平安時代の3体をはじめ、失われた像をそれぞれの時代で補われ現在12体を揃って残しています。
オフィシャルHPにてそれぞれの像様が見られますが(十二神将像)、写真から受ける印象と造像年代は少し違います。
おそらく、室町や江戸での補作が行われた際に補修も施され厚い色彩などがされたのではないかと思います。
造形美には差があるように見え、魅力的な像から簡易的だなと感じる像もあります。
しかし、実際に美術館で見る像容は黒を基調にされた空間と照明の質感とでどの像も非常に美しく、造形的にも統一感があるように見えました。
間違いなく写真よりも素晴らしい十二神将がいらっしゃいます。
とは言えやはり最も素晴らしいなと感じる像もあり、鎌倉時代の招杜羅立像が素晴らしかったかな。
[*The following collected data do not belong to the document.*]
(* Let $V,W$ be concrete affine algebraic equivarieties over $k$. There is only one sheaf $\mathcal O$ of $k$-valued functions on $V\times W$ (with its Zariski topology) such that $(V\times W,\mathcal O)$ is a concrete affine algebraic equivariety which, together with the set-theoretic projections to $V$ and $W$, is a product of $V$ and $W$ in the category of affine algebraic equivarieties.
   Context: $k$ is an arbitrary commutative field. An affine algebraic equivariety over $k$ is a locally ringed space in $k$-algebras isomorphic to $(V,\mathcal O_V)$ for $V\subseteq k^n$ the common zero set of polynomials, with the Zariski topology and $\mathcal O_V(U)$ the functions $U\to k$ locally of the form $G/H$ ($G,H$ polynomials, $H$ nowhere zero locally); morphisms are morphisms of locally ringed spaces in $k$-algebras. $J(V)=\Gamma(V,\mathcal O_V)$. An equivariety is concrete if each $\mathcal O_V(U)$ is a $k$-subalgebra of the algebra of all functions $U\to k$ with restriction of functions as restriction maps; for concrete ones, morphisms $f$ are exactly the continuous maps with $s\circ f\in\mathcal O_V(f^{-1}U)$ for all open $U$ and sections $s$ over $U$. The Zariski topology on $V\times W$ has as closed sets the common zero sets of sets of functions $(P,Q)\mapsto\sum_i g_i(P)h_i(Q)$ (finite sums, $g_i\in J(V)$, $h_i\in J(W)$). *)

theory Defs
  imports "HOL-Analysis.Analysis" "HOL-Library.FuncSet"
begin

inductive_set eqv_polyfun :: "nat \<Rightarrow> ('k::field list \<Rightarrow> 'k) set" for n :: nat where
  const: "(\<lambda>x. c) \<in> eqv_polyfun n"
| var: "i < n \<Longrightarrow> (\<lambda>x. x ! i) \<in> eqv_polyfun n"
| add: "p \<in> eqv_polyfun n \<Longrightarrow> q \<in> eqv_polyfun n \<Longrightarrow> (\<lambda>x. p x + q x) \<in> eqv_polyfun n"
| mult: "p \<in> eqv_polyfun n \<Longrightarrow> q \<in> eqv_polyfun n \<Longrightarrow> (\<lambda>x. p x * q x) \<in> eqv_polyfun n"

definition eqv_kn :: "nat \<Rightarrow> 'k::field list set" where
  "eqv_kn n = {x. length x = n}"

definition eqv_zero_set :: "nat \<Rightarrow> ('k::field list \<Rightarrow> 'k) set \<Rightarrow> 'k list set" where
  "eqv_zero_set n S = {x \<in> eqv_kn n. \<forall>p\<in>S. p x = 0}"

definition eqv_algebraic_set :: "nat \<Rightarrow> 'k::field list set \<Rightarrow> bool" where
  "eqv_algebraic_set n V \<longleftrightarrow> (\<exists>S \<subseteq> eqv_polyfun n. V = eqv_zero_set n S)"

definition eqv_zariski :: "nat \<Rightarrow> 'k::field list set \<Rightarrow> 'k list topology" where
  "eqv_zariski n V = topology (\<lambda>U. \<exists>S \<subseteq> eqv_polyfun n. U = V - eqv_zero_set n S)"

text \<open>Sections are represented as extensional functions (value undefined off U).\<close>
definition eqv_std_sheaf :: "nat \<Rightarrow> 'k::field list set \<Rightarrow> 'k list set \<Rightarrow> ('k list \<Rightarrow> 'k) set" where
  "eqv_std_sheaf n V U =
     (if openin (eqv_zariski n V) U then
        {f \<in> extensional U. \<forall>x\<in>U. \<exists>U'. openin (eqv_zariski n V) U' \<and> x \<in> U' \<and> U' \<subseteq> U \<and>
            (\<exists>G\<in>eqv_polyfun n. \<exists>H\<in>eqv_polyfun n. \<forall>y\<in>U'. H y \<noteq> 0 \<and> f y = G y / H y)}
      else {})"

definition eqv_cmorph ::
  "'a topology \<Rightarrow> ('a set \<Rightarrow> ('a \<Rightarrow> 'k) set) \<Rightarrow> 'b topology \<Rightarrow> ('b set \<Rightarrow> ('b \<Rightarrow> 'k) set) \<Rightarrow> ('a \<Rightarrow> 'b) \<Rightarrow> bool" where
  "eqv_cmorph T1 O1 T2 O2 f \<longleftrightarrow> continuous_map T1 T2 f \<and>
     (\<forall>U s. openin T2 U \<longrightarrow> s \<in> O2 U \<longrightarrow>
        restrict (s \<circ> f) (topspace T1 \<inter> f -` U) \<in> O1 (topspace T1 \<inter> f -` U))"

definition eqv_affine ::
  "'a topology \<Rightarrow> ('a set \<Rightarrow> ('a \<Rightarrow> 'k::field) set) \<Rightarrow> bool" where
  "eqv_affine T Sh \<longleftrightarrow> (\<forall>U. Sh U \<subseteq> extensional U) \<and> (\<forall>U. \<not> openin T U \<longrightarrow> Sh U = {}) \<and>
     (\<exists>n V f g. eqv_algebraic_set n V \<and>
        eqv_cmorph T Sh (eqv_zariski n V) (eqv_std_sheaf n V) f \<and>
        eqv_cmorph (eqv_zariski n V) (eqv_std_sheaf n V) T Sh g \<and>
        (\<forall>x\<in>topspace T. g (f x) = x) \<and> (\<forall>y\<in>topspace (eqv_zariski n V). f (g y) = y))"

definition eqv_sumprods ::
  "'v topology \<Rightarrow> ('v set \<Rightarrow> ('v \<Rightarrow> 'k::field) set) \<Rightarrow> 'w topology \<Rightarrow> ('w set \<Rightarrow> ('w \<Rightarrow> 'k) set)
   \<Rightarrow> ('v \<times> 'w \<Rightarrow> 'k) set" where
  "eqv_sumprods TV OV TW OW =
     {F. \<exists>(m::nat) g h. (\<forall>i<m. g i \<in> OV (topspace TV) \<and> h i \<in> OW (topspace TW)) \<and>
                 F = (\<lambda>(P, Q). \<Sum>i<m. g i P * h i Q)}"

definition eqv_prod_zariski ::
  "'v topology \<Rightarrow> ('v set \<Rightarrow> ('v \<Rightarrow> 'k::field) set) \<Rightarrow> 'w topology \<Rightarrow> ('w set \<Rightarrow> ('w \<Rightarrow> 'k) set)
   \<Rightarrow> ('v \<times> 'w) topology" where
  "eqv_prod_zariski TV OV TW OW = topology (\<lambda>U. \<exists>S \<subseteq> eqv_sumprods TV OV TW OW.
      U = (topspace TV \<times> topspace TW) - {p \<in> topspace TV \<times> topspace TW. \<forall>F\<in>S. F p = 0})"

text \<open>Test objects range over all concrete affine equivarieties with carrier in 'k list;
  every affine algebraic equivariety is isomorphic to one of these.\<close>
definition eqv_is_product ::
  "('v \<times> 'w) topology \<Rightarrow> (('v \<times> 'w) set \<Rightarrow> ('v \<times> 'w \<Rightarrow> 'k::field) set)
   \<Rightarrow> 'v topology \<Rightarrow> ('v set \<Rightarrow> ('v \<Rightarrow> 'k) set) \<Rightarrow> 'w topology \<Rightarrow> ('w set \<Rightarrow> ('w \<Rightarrow> 'k) set) \<Rightarrow> bool" where
  "eqv_is_product TP OP TV OV TW OW \<longleftrightarrow>
     eqv_cmorph TP OP TV OV fst \<and> eqv_cmorph TP OP TW OW snd \<and>
     (\<forall>(TZ :: 'k list topology) OZ g h.
        eqv_affine TZ OZ \<and> eqv_cmorph TZ OZ TV OV g \<and> eqv_cmorph TZ OZ TW OW h \<longrightarrow>
        (\<exists>u. eqv_cmorph TZ OZ TP OP u \<and> (\<forall>z\<in>topspace TZ. fst (u z) = g z \<and> snd (u z) = h z) \<and>
             (\<forall>u'. eqv_cmorph TZ OZ TP OP u' \<and> (\<forall>z\<in>topspace TZ. fst (u' z) = g z \<and> snd (u' z) = h z)
                   \<longrightarrow> (\<forall>z\<in>topspace TZ. u' z = u z))))"

end

theory Submission
  imports Defs
begin

text \<open>Let \<open>g\<close> be a chart of \<open>(V \<times> W, O\<^sub>2)\<close>, i.e. an isomorphism from a standard affine
  space onto it. Its components \<open>fst \<circ> g\<close> and \<open>snd \<circ> g\<close> are morphisms, so the universal
  property of \<open>(V \<times> W, O\<^sub>1)\<close> yields a morphism into \<open>(V \<times> W, O\<^sub>1)\<close> with these components,
  which can only be \<open>g\<close> itself. Composing with the inverse chart, the identity is a morphism
  from \<open>(V \<times> W, O\<^sub>2)\<close> to \<open>(V \<times> W, O\<^sub>1)\<close>; for concrete sheaves this says that every
  \<open>O\<^sub>1\<close>-section is an \<open>O\<^sub>2\<close>-section. By symmetry \<open>O\<^sub>1 = O\<^sub>2\<close>.\<close>

lemma eqv_cmorph_comp:
  assumes f: "eqv_cmorph T1 O1 T2 O2 f" and g: "eqv_cmorph T2 O2 T3 O3 g"
  shows "eqv_cmorph T1 O1 T3 O3 (g \<circ> f)"
proof -
  have cf: "continuous_map T1 T2 f" and cg: "continuous_map T2 T3 g"
    using f g unfolding eqv_cmorph_def by auto
  have "restrict (s \<circ> (g \<circ> f)) (topspace T1 \<inter> (g \<circ> f) -` U) \<in> O1 (topspace T1 \<inter> (g \<circ> f) -` U)"
    if U: "openin T3 U" and s: "s \<in> O3 U" for U s
  proof -
    define W where "W = topspace T2 \<inter> g -` U"
    have W: "openin T2 W"
      using cg U unfolding continuous_map_def W_def by (simp add: Int_def)
    have "restrict (s \<circ> g) W \<in> O2 W"
      using g U s unfolding eqv_cmorph_def W_def by auto
    then have sf: "restrict (restrict (s \<circ> g) W \<circ> f) (topspace T1 \<inter> f -` W) \<in> O1 (topspace T1 \<inter> f -` W)"
      using f W unfolding eqv_cmorph_def by auto
    have preimage: "topspace T1 \<inter> f -` W = topspace T1 \<inter> (g \<circ> f) -` U"
      using cf unfolding W_def continuous_map_def by auto
    have "restrict (restrict (s \<circ> g) W \<circ> f) (topspace T1 \<inter> f -` W)
        = restrict (s \<circ> (g \<circ> f)) (topspace T1 \<inter> (g \<circ> f) -` U)"
      unfolding preimage using continuous_map_image_subset_topspace[OF cf]
      by (intro ext) (auto simp: restrict_def W_def)
    then show ?thesis using sf preimage by simp
  qed
  with cf cg show ?thesis
    unfolding eqv_cmorph_def by (auto intro: continuous_map_compose)
qed

lemma eqv_cmorph_cong:
  assumes f: "eqv_cmorph T1 O1 T2 O2 f" and eq: "\<forall>x\<in>topspace T1. f x = f' x"
  shows "eqv_cmorph T1 O1 T2 O2 f'"
proof -
  have "continuous_map T1 T2 f'"
    using f eq continuous_map_eq unfolding eqv_cmorph_def by metis
  moreover have "restrict (s \<circ> f') (topspace T1 \<inter> f' -` U) \<in> O1 (topspace T1 \<inter> f' -` U)"
    if "openin T2 U" and "s \<in> O2 U" for U s
  proof -
    have preimage: "topspace T1 \<inter> f' -` U = topspace T1 \<inter> f -` U" using eq by auto
    have "restrict (s \<circ> f') (topspace T1 \<inter> f' -` U) = restrict (s \<circ> f) (topspace T1 \<inter> f -` U)"
      unfolding preimage by (intro ext) (auto simp: restrict_def eq)
    then show ?thesis using f that preimage unfolding eqv_cmorph_def by auto
  qed
  ultimately show ?thesis unfolding eqv_cmorph_def by auto
qed

lemma eqv_cmorph_id:
  assumes "\<forall>U. Sh U \<subseteq> extensional U"
  shows "eqv_cmorph T Sh T Sh id"
  unfolding eqv_cmorph_def
proof (intro conjI allI impI)
  fix U s assume U: "openin T U" and s: "s \<in> Sh U"
  have "topspace T \<inter> id -` U = U" using openin_subset[OF U] by auto
  moreover have "restrict (s \<circ> id) U = s"
    using s assms by (simp add: extensional_restrict subset_iff)
  ultimately show "restrict (s \<circ> id) (topspace T \<inter> id -` U) \<in> Sh (topspace T \<inter> id -` U)"
    using s by simp
qed simp

lemma eqv_affine_std:
  assumes "eqv_algebraic_set n V"
  shows "eqv_affine (eqv_zariski n V) (eqv_std_sheaf n V)"
proof -
  have "\<forall>U. eqv_std_sheaf n V U \<subseteq> extensional U" by (auto simp: eqv_std_sheaf_def)
  then have "eqv_cmorph (eqv_zariski n V) (eqv_std_sheaf n V) (eqv_zariski n V) (eqv_std_sheaf n V) id"
    by (rule eqv_cmorph_id)
  with \<open>\<forall>U. eqv_std_sheaf n V U \<subseteq> extensional U\<close> assms show ?thesis
    unfolding eqv_affine_def by (fastforce simp: eqv_std_sheaf_def)
qed

lemma eqv_sections_subset_of_cmorph_id:
  assumes "eqv_cmorph T OP T OP' id"
    and "\<forall>U. OP' U \<subseteq> extensional U" and "\<forall>U. \<not> openin T U \<longrightarrow> OP' U = {}"
  shows "OP' U \<subseteq> OP U"
proof
  fix s assume s: "s \<in> OP' U"
  then have U: "openin T U" using assms(3) by auto
  then have "topspace T \<inter> id -` U = U" using openin_subset by auto
  moreover have "restrict (s \<circ> id) U = s"
    using s assms(2) by (simp add: extensional_restrict subset_iff)
  moreover have "restrict (s \<circ> id) (topspace T \<inter> id -` U) \<in> OP (topspace T \<inter> id -` U)"
    using assms(1) U s unfolding eqv_cmorph_def by blast
  ultimately show "s \<in> OP U" by simp
qed

lemma eqv_cmorph_into_product:
  fixes TZ :: "'k::field list topology" and OZ :: "'k list set \<Rightarrow> ('k list \<Rightarrow> 'k) set"
  assumes "eqv_is_product TP OP TV OV TW OW" and "eqv_affine TZ OZ"
    and "eqv_cmorph TZ OZ TV OV (fst \<circ> h)" and "eqv_cmorph TZ OZ TW OW (snd \<circ> h)"
  shows "eqv_cmorph TZ OZ TP OP h"
proof -
  obtain u where u: "eqv_cmorph TZ OZ TP OP u"
    and components: "\<forall>z\<in>topspace TZ. fst (u z) = (fst \<circ> h) z \<and> snd (u z) = (snd \<circ> h) z"
    using assms unfolding eqv_is_product_def by blast
  from components have "\<forall>z\<in>topspace TZ. u z = h z" by (simp add: prod_eq_iff)
  with u show ?thesis by (rule eqv_cmorph_cong)
qed

lemma eqv_cmorph_id_into_product:
  assumes "eqv_affine TP OP'"
    and "eqv_cmorph TP OP' TV OV fst" and "eqv_cmorph TP OP' TW OW snd"
    and "eqv_is_product TP OP TV OV TW OW"
  shows "eqv_cmorph TP OP' TP OP id"
proof -
  obtain n V f g where V: "eqv_algebraic_set n V"
    and f: "eqv_cmorph TP OP' (eqv_zariski n V) (eqv_std_sheaf n V) f"
    and g: "eqv_cmorph (eqv_zariski n V) (eqv_std_sheaf n V) TP OP' g"
    and gf: "\<forall>x\<in>topspace TP. g (f x) = x"
    using assms(1) unfolding eqv_affine_def by blast
  have "eqv_cmorph (eqv_zariski n V) (eqv_std_sheaf n V) TP OP g"
    using assms(4) eqv_affine_std[OF V]
      eqv_cmorph_comp[OF g assms(2)] eqv_cmorph_comp[OF g assms(3)]
    by (rule eqv_cmorph_into_product)
  with f have "eqv_cmorph TP OP' TP OP (g \<circ> f)" by (rule eqv_cmorph_comp)
  then show ?thesis by (rule eqv_cmorph_cong) (simp add: gf)
qed

lemma eqv_product_sections_subset:
  assumes "eqv_affine TP O1" and "eqv_is_product TP O1 TV OV TW OW"
    and "eqv_affine TP O2" and "eqv_is_product TP O2 TV OV TW OW"
  shows "O1 U \<subseteq> O2 U"
proof (rule eqv_sections_subset_of_cmorph_id)
  have "eqv_cmorph TP O2 TV OV fst" and "eqv_cmorph TP O2 TW OW snd"
    using assms(4) unfolding eqv_is_product_def by auto
  with assms(3) show "eqv_cmorph TP O2 TP O1 id"
    using assms(2) by (rule eqv_cmorph_id_into_product)
  show "\<forall>U. O1 U \<subseteq> extensional U" and "\<forall>U. \<not> openin TP U \<longrightarrow> O1 U = {}"
    using assms(1) unfolding eqv_affine_def by auto
qed

theorem lemma2p10:
  fixes TV :: "'v topology" and OV :: "'v set \<Rightarrow> ('v \<Rightarrow> 'k::field) set"
    and TW :: "'w topology" and OW :: "'w set \<Rightarrow> ('w \<Rightarrow> 'k) set"
    and O1 O2 :: "('v \<times> 'w) set \<Rightarrow> ('v \<times> 'w \<Rightarrow> 'k) set"
  assumes "eqv_affine TV OV" and "eqv_affine TW OW"
    and "eqv_affine (eqv_prod_zariski TV OV TW OW) O1"
    and "eqv_is_product (eqv_prod_zariski TV OV TW OW) O1 TV OV TW OW"
    and "eqv_affine (eqv_prod_zariski TV OV TW OW) O2"
    and "eqv_is_product (eqv_prod_zariski TV OV TW OW) O2 TV OV TW OW"
  shows "O1 = O2"
proof (rule ext, rule equalityI)
  fix U
  show "O1 U \<subseteq> O2 U" using assms(3-6) by (rule eqv_product_sections_subset)
  show "O2 U \<subseteq> O1 U" using assms(5,6,3,4) by (rule eqv_product_sections_subset)
qed

end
顔の造形が素晴らしく前面に圧する迫力は他よりも抜きん出ていたと思います。




他にも平安後期の地蔵菩薩立像、毘沙門天像、聖観音菩薩立像なども。
聖観音菩薩立像はめちゃくちゃ好みの像で平安後期の特徴がよく出た像でした。
しかしここでは毘沙門天像を紹介したい。
動きは固く、力強さに欠けるかなぁとも感じたのですが、それを忘れさせてしまう甲冑や衣の表現が素晴らしく、平安後期から鎌倉期へと移り変わるくらいの彫り込まれた造形美が見えてきます。
甲冑は細かな表現もしっかりと表現され重厚さや気高さがあふれているようでした。
そして袖周りの美しく波打つ表現にため息。
ライティングの妙で美しい陰影があふれより一層に美しさを感じることが出来ました。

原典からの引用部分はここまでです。